Madam Speaker, I aspire to one day have such a capability of presenting ideas and notions in the House as the hon. member now has.
I am going to speak in English so my question is really clear.
The member made a comment about the Prime Minister acting as ship without a rudder. I would suggest that perhaps it is a ship that is not paying taxes. It may be one of the reasons why he feels at this time that it was so opportune for him to be able to dismiss any pay increase, a notion that for many of the people in my riding of Skeena—Bulkley Valley would be absolutely obscene, but I suppose when one is a multi-millionaire several times over in the avoidance of taxes one is able to make such suggestions and is able to hold to it.

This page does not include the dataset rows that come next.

(* Let $K$ be a matrix convex set in $h$ self-adjoint variables that equals the matrix convex hull of its free extreme points, let $g<h$, and let $X\in\mathcal P_gK(n)$ be a free extreme point of $\mathcal P_gK$. Then either there is $Y$ with $(X,Y)$ a free extreme point of $K$, or there exist $Z\in\mathcal P_gK$ and $Y$ such that $(X\oplus Z,Y)$ is a free extreme point of $K$.
   Context: A matrix convex set $K$ is a graded set of self-adjoint tuples closed under matrix convex combinations $\sum_iV_i^*X^{(i)}V_i$ with $\sum_iV_i^*V_i=I$; $\mathrm{mconv}(S)$ is the smallest matrix convex set containing $S$ (no closure). A point $X\in K(n)$ is a free extreme point of $K$ if whenever $X=\sum_iV_i^*X^{(i)}V_i$ is a matrix convex combination of points of $K$ with all $V_i\ne0$, each $X^{(i)}$ is unitarily equivalent to $X$ or to $X\oplus Z$ for some $Z\in K$; equivalently $X$ is irreducible and has only trivial dilations in $K$. $\mathcal P_gK$ is the set of $X$ with $(X,Y)\in K$ for some $Y$ of the same size. *)

theory Defs
  imports Complex_Main "Jordan_Normal_Form.Matrix"
begin

text \<open>A point of a graded set in d variables is a pair (n, X): a level n > 0 and a
 d-tuple X (list of length d) of self-adjoint complex n x n matrices.\<close>

type_synonym tup = "nat \<times> complex mat list"

definition cadj :: "complex mat \<Rightarrow> complex mat" where
  "cadj A = transpose_mat (map_mat cnj A)"

definition sa_tuple :: "nat \<Rightarrow> tup \<Rightarrow> bool" where
  "sa_tuple d P \<longleftrightarrow> (case P of (n, X) \<Rightarrow>
     0 < n \<and> length X = d \<and> (\<forall>A\<in>set X. A \<in> carrier_mat n n \<and> cadj A = A))"

definition msum :: "nat \<Rightarrow> complex mat list \<Rightarrow> complex mat" where
  "msum n L = foldr (+) L (0\<^sub>m n n)"

definition is_mcc :: "nat \<Rightarrow> tup \<Rightarrow> (complex mat \<times> tup) list \<Rightarrow> bool" where
  "is_mcc d P L \<longleftrightarrow> (case P of (n, X) \<Rightarrow>
     L \<noteq> [] \<and> length X = d \<and>
     (\<forall>(V, Q)\<in>set L. V \<in> carrier_mat (fst Q) n) \<and>
     msum n (map (\<lambda>(V, Q). cadj V * V) L) = 1\<^sub>m n \<and>
     (\<forall>j<d. X ! j = msum n (map (\<lambda>(V, Q). cadj V * (snd Q ! j) * V) L)))"

definition matrix_convex :: "nat \<Rightarrow> tup set \<Rightarrow> bool" where
  "matrix_convex d K \<longleftrightarrow> (\<forall>P\<in>K. sa_tuple d P) \<and>
     (\<forall>n X L. 0 < n \<longrightarrow> (\<forall>(V, Q)\<in>set L. Q \<in> K) \<longrightarrow> is_mcc d (n, X) L \<longrightarrow> (n, X) \<in> K)"

definition mconv :: "nat \<Rightarrow> tup set \<Rightarrow> tup set" where
  "mconv d S = \<Inter>{K. matrix_convex d K \<and> S \<subseteq> K}"

definition dsum :: "tup \<Rightarrow> tup \<Rightarrow> tup" where
  "dsum P Q = (case P of (n, X) \<Rightarrow> case Q of (m, Y) \<Rightarrow>
     (n + m, map2 (\<lambda>A B. four_block_mat A (0\<^sub>m n m) (0\<^sub>m m n) B) X Y))"

definition unit_equiv :: "tup \<Rightarrow> tup \<Rightarrow> bool" where
  "unit_equiv P Q \<longleftrightarrow> (case P of (n, X) \<Rightarrow> case Q of (m, Y) \<Rightarrow>
     n = m \<and> (\<exists>U\<in>carrier_mat n n. cadj U * U = 1\<^sub>m n \<and> U * cadj U = 1\<^sub>m n \<and>
        X = map (\<lambda>B. cadj U * B * U) Y))"

definition free_extreme :: "nat \<Rightarrow> tup set \<Rightarrow> tup \<Rightarrow> bool" where
  "free_extreme d K P \<longleftrightarrow> P \<in> K \<and>
     (\<forall>L. (\<forall>(V, Q)\<in>set L. Q \<in> K \<and> V \<noteq> 0\<^sub>m (fst Q) (fst P)) \<longrightarrow> is_mcc d P L \<longrightarrow>
        (\<forall>(V, Q)\<in>set L. unit_equiv Q P \<or> (\<exists>Z\<in>K. unit_equiv Q (dsum P Z))))"

definition proj :: "nat \<Rightarrow> tup set \<Rightarrow> tup set" where
  "proj g K = {(n, X). length X = g \<and> (\<exists>Y. (n, X @ Y) \<in> K)}"

end

theory Submission
  imports Defs
begin

text \<open>
Let \<open>E\<close> be the set of free extreme points of \<open>K\<close>. The points admitting a finite matrix convex
combination of points of \<open>E\<close> form a matrix convex set containing \<open>E\<close>, so every point of
\<open>K = mconv E\<close>, in particular some \<open>(X, Y\<^sub>0)\<close>, is such a combination \<open>\<Sum> V\<^sub>i\<^sup>* Q\<^sub>i V\<^sub>i\<close>.
Keeping only the first \<open>g\<close> coordinates and discarding the terms with \<open>V\<^sub>i = 0\<close> gives a matrix convex
combination of points of \<open>\<P>\<^sub>g K\<close> representing \<open>X\<close>. As \<open>X\<close> is free extreme in \<open>\<P>\<^sub>g K\<close>, the
projection of any \<open>Q\<^sub>i\<close> is unitarily equivalent to \<open>X\<close> or to \<open>X \<oplus> Z\<close>; conjugating \<open>Q\<^sub>i\<close> by that
unitary, which preserves free extremity in \<open>K\<close>, yields the required point.
\<close>

subsection \<open>Conjugate transpose and compressions\<close>

lemma cadj_carrier [simp]: "A \<in> carrier_mat m n \<Longrightarrow> cadj A \<in> carrier_mat n m"
  unfolding cadj_def by auto

lemma cadj_dim [simp]: "dim_row (cadj A) = dim_col A" "dim_col (cadj A) = dim_row A"
  unfolding cadj_def by auto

Now that we have reopened this can of worms, as it were, and are now preparing to look at another way of compensating members of Parliament due to this lack of leadership, I am wondering if we could consider this. The House is meant to represent and defend many of the issues the member raised in terms of poverty among children, student loans and student debt loads. I am wondering if we would not consider tying our salaries to an index related to those issues.
If Parliament is functioning and doing well on something like health care or child poverty, then we should be compensated equally as well if we are doing our job. Many in the private sector have looked to such a system in order to compensate their managers and upper managers; when the company does well, they too do well. In this House, regardless of what poor legislation gets passed year after year, the salaries continue to rise, while for people in Canada the wage gap continues to grow and people become poorer.
Would there not be another index available to us, one that ties the members in the House to the quality of life experienced by Canadians, particularly lower and middle income Canadians? We can measure our society by how we treat these people. I am wondering if the House might eventually consider such original and diverse thinking as this.